→ **Work required**: Each line below containing the word "False" needs to be shown.

→ **Data in this exercise**:

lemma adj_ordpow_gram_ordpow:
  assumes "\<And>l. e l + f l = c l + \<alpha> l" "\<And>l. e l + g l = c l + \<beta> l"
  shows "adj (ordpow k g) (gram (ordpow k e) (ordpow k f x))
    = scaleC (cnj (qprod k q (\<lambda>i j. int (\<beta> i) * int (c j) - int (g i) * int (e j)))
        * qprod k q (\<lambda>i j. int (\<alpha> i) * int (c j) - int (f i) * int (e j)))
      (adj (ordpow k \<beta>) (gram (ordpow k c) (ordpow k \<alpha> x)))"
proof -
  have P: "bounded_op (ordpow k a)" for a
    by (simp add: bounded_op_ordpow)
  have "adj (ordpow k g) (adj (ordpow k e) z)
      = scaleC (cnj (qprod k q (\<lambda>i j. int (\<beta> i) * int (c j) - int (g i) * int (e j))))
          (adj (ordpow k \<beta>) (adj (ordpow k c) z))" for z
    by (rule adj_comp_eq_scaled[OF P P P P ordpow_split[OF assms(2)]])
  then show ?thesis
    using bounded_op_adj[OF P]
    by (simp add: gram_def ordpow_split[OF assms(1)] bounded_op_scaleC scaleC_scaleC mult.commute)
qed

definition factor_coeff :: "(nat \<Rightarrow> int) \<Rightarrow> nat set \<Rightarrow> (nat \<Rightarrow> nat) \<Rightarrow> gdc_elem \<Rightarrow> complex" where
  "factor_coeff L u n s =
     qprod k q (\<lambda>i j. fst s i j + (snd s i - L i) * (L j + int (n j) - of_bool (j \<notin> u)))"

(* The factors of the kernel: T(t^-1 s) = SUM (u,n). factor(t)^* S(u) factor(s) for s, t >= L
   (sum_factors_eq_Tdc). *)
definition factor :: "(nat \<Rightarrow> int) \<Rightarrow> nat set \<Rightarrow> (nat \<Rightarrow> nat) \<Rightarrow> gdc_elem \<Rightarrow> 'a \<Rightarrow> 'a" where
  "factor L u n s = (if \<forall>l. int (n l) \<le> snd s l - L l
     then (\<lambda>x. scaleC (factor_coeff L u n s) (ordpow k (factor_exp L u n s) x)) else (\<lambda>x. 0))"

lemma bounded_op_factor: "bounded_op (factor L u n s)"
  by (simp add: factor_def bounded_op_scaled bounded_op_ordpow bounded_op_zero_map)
--
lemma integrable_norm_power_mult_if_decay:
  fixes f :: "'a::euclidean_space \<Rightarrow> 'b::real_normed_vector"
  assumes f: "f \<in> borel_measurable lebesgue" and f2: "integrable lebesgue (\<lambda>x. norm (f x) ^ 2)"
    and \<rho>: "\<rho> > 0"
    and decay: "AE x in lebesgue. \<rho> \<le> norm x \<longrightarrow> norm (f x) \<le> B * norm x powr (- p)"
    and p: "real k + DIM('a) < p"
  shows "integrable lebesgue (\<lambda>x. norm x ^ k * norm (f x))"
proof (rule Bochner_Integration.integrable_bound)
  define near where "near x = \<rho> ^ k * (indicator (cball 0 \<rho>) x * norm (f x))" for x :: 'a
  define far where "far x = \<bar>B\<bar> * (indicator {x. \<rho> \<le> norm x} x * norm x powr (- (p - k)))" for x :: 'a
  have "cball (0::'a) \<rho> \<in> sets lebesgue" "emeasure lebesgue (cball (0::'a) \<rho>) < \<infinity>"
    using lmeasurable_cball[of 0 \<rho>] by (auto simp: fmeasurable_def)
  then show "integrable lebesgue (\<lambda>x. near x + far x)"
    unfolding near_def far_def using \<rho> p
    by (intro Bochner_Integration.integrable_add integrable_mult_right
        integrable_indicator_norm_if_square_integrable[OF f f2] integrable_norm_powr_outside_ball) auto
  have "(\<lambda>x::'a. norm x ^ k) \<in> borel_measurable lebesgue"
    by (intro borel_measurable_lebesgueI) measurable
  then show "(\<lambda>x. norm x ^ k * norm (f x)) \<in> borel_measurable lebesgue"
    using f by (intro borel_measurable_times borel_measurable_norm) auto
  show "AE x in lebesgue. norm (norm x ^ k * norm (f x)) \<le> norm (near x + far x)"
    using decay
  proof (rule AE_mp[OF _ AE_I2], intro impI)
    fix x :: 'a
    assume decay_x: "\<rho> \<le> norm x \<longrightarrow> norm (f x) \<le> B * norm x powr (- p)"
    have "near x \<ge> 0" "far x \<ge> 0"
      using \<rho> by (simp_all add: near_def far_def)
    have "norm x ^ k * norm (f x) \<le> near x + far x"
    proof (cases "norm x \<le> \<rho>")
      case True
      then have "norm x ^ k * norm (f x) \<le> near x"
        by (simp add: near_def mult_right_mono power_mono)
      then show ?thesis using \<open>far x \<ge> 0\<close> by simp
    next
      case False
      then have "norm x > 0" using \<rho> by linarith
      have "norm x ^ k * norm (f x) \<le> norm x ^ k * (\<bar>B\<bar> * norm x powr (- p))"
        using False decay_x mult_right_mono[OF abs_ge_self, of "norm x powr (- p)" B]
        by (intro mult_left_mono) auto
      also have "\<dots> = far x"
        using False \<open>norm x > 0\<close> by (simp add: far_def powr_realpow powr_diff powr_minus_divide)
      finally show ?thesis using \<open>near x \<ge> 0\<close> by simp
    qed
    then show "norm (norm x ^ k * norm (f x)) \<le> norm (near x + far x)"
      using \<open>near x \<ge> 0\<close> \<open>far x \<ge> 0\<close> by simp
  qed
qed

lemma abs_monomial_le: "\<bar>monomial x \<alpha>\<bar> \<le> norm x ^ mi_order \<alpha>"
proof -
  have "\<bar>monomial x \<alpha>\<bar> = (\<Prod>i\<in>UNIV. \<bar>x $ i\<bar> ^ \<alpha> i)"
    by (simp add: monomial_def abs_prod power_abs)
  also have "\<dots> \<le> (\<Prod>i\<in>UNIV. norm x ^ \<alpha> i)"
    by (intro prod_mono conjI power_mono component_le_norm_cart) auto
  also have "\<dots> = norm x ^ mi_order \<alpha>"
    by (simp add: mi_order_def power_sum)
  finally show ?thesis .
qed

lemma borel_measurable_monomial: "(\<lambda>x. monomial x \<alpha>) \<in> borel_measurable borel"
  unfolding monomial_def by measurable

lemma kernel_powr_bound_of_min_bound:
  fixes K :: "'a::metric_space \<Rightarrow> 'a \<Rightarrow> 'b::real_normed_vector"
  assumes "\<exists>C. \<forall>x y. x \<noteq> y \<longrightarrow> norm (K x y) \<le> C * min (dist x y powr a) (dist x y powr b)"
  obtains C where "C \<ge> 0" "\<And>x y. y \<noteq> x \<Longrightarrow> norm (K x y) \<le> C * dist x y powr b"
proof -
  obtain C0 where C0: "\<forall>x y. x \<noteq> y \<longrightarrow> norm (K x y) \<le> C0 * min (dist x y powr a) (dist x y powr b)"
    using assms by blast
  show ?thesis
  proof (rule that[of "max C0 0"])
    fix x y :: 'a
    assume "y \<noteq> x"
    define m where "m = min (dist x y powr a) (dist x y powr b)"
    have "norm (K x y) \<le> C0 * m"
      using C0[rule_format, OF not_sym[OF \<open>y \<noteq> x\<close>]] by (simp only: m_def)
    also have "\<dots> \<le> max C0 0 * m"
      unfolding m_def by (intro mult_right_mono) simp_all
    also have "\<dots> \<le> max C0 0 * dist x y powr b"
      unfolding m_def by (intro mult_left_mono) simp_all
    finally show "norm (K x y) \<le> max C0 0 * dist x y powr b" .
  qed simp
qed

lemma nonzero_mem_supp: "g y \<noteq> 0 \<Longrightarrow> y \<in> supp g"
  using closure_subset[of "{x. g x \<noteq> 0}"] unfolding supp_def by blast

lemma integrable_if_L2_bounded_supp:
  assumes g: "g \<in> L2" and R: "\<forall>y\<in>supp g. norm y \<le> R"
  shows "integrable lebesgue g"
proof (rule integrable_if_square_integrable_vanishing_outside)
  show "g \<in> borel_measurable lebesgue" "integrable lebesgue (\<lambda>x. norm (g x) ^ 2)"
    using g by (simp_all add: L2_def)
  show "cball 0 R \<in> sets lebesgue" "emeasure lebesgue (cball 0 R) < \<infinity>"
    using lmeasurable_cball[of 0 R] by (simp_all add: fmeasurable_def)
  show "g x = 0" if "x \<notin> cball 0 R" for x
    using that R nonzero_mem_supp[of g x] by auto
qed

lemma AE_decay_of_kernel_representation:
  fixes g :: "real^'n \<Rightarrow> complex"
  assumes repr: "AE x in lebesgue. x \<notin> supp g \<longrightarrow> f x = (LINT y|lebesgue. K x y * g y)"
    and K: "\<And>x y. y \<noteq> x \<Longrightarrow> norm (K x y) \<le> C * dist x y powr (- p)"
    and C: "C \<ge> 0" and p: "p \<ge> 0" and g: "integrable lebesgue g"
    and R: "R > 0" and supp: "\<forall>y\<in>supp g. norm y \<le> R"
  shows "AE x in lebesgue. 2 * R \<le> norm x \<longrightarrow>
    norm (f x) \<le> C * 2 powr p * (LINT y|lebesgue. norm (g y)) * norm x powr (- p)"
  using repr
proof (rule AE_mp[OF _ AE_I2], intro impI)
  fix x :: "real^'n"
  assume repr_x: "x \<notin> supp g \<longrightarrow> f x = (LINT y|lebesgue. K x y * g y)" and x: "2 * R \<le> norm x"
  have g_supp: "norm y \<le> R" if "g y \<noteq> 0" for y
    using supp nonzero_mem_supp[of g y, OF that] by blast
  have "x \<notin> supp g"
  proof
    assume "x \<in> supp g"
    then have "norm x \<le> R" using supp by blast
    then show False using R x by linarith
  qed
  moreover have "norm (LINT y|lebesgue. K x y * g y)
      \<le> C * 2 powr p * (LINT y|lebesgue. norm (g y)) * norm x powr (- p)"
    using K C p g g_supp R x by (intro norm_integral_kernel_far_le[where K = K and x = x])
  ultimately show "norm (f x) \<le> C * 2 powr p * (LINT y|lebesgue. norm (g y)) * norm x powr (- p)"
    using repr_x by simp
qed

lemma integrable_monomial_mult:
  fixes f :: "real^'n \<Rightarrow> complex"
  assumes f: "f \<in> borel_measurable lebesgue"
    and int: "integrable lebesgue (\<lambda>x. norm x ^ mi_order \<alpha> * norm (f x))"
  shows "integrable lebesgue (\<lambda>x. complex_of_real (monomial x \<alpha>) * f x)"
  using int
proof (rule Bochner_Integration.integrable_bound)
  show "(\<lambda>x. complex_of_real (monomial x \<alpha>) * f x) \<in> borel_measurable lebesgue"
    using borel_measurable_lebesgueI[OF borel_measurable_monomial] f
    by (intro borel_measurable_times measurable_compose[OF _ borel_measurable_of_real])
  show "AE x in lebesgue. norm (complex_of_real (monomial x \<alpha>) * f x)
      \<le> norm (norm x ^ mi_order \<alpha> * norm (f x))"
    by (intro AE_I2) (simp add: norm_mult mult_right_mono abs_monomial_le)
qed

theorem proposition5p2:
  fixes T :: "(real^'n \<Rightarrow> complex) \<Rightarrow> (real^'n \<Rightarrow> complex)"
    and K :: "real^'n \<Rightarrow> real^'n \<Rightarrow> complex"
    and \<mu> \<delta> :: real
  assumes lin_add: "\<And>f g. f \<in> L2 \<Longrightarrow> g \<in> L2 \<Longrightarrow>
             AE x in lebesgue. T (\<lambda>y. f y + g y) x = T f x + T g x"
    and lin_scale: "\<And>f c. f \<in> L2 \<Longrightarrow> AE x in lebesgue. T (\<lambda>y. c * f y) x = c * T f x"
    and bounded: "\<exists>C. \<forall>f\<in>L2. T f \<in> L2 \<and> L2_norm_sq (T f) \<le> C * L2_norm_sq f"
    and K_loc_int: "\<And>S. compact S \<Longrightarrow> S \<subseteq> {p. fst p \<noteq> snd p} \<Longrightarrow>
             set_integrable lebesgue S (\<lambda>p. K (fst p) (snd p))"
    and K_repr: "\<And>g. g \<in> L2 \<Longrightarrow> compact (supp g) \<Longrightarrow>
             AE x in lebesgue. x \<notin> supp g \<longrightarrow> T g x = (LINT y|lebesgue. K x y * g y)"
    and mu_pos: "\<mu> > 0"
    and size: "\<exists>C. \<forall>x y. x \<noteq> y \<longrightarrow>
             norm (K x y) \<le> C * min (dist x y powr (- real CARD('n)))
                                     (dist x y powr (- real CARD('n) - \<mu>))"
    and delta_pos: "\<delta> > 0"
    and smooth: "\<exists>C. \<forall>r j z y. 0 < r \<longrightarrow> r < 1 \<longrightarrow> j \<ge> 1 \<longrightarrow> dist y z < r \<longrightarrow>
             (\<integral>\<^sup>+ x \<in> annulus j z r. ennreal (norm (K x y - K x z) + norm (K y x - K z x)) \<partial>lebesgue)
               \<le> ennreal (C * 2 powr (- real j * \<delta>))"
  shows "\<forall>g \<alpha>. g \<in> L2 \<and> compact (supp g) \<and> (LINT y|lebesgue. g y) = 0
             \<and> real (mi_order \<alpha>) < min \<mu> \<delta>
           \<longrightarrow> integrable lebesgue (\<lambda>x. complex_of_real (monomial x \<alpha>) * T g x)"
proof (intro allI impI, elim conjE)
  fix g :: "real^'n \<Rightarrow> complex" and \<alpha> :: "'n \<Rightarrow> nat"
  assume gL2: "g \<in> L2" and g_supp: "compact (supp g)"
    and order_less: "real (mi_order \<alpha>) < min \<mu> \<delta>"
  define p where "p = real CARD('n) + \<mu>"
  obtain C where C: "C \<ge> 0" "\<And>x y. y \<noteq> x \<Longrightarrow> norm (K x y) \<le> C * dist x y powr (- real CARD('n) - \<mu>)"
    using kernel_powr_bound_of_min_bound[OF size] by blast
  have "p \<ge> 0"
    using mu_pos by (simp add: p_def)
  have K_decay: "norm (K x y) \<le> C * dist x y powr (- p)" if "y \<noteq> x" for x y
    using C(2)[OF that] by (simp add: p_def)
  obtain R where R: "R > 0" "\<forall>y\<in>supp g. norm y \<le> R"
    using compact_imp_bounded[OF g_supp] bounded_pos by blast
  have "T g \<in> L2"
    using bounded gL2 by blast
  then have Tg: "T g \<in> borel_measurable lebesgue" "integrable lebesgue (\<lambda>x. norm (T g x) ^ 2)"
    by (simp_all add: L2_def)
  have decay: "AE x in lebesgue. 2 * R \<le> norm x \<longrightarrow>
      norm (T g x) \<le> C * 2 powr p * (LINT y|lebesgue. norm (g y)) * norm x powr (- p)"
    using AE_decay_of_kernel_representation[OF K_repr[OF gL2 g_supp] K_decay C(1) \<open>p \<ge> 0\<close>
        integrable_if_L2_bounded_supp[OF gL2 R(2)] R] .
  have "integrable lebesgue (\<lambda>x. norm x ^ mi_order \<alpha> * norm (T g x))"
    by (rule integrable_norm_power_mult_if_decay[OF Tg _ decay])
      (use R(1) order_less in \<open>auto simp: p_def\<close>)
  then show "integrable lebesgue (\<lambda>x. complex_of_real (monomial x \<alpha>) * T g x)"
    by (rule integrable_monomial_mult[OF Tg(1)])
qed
---
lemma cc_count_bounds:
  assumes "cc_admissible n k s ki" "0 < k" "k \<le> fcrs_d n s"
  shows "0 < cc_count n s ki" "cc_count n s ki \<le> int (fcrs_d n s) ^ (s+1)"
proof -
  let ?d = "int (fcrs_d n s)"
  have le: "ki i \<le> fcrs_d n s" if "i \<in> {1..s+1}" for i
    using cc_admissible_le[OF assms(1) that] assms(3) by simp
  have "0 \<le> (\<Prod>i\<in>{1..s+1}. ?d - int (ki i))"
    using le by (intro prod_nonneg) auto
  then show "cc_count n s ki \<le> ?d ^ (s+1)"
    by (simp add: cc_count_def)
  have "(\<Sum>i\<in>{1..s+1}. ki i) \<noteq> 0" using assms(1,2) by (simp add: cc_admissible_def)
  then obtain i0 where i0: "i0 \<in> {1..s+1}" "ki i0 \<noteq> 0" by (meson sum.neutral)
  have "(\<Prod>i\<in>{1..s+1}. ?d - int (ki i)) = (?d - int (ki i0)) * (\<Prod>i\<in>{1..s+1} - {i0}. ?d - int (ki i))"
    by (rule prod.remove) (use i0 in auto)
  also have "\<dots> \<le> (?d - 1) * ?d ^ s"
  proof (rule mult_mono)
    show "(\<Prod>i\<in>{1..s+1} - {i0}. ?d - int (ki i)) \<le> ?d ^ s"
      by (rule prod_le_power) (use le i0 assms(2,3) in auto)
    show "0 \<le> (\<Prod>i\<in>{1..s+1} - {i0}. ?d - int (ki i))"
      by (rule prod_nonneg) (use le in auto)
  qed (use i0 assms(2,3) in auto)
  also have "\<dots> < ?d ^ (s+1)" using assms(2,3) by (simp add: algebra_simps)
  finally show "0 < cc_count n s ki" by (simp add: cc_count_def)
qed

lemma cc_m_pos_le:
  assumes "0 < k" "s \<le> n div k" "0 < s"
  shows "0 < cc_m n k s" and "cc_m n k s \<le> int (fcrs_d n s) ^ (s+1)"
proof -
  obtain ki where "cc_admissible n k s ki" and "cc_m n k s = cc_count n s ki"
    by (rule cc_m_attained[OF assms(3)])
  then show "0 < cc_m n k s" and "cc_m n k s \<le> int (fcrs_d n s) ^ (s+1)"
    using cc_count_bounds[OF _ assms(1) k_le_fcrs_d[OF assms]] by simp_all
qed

→ **Finished task**:
      case False
        using False decay_x mult_right_mono[OF abs_ge_self, of "norm x powr (- p)" B]
        using False \<open>norm x > 0\<close> by (simp add: far_def powr_realpow powr_diff powr_minus_divide)
    then show False using R x by linarith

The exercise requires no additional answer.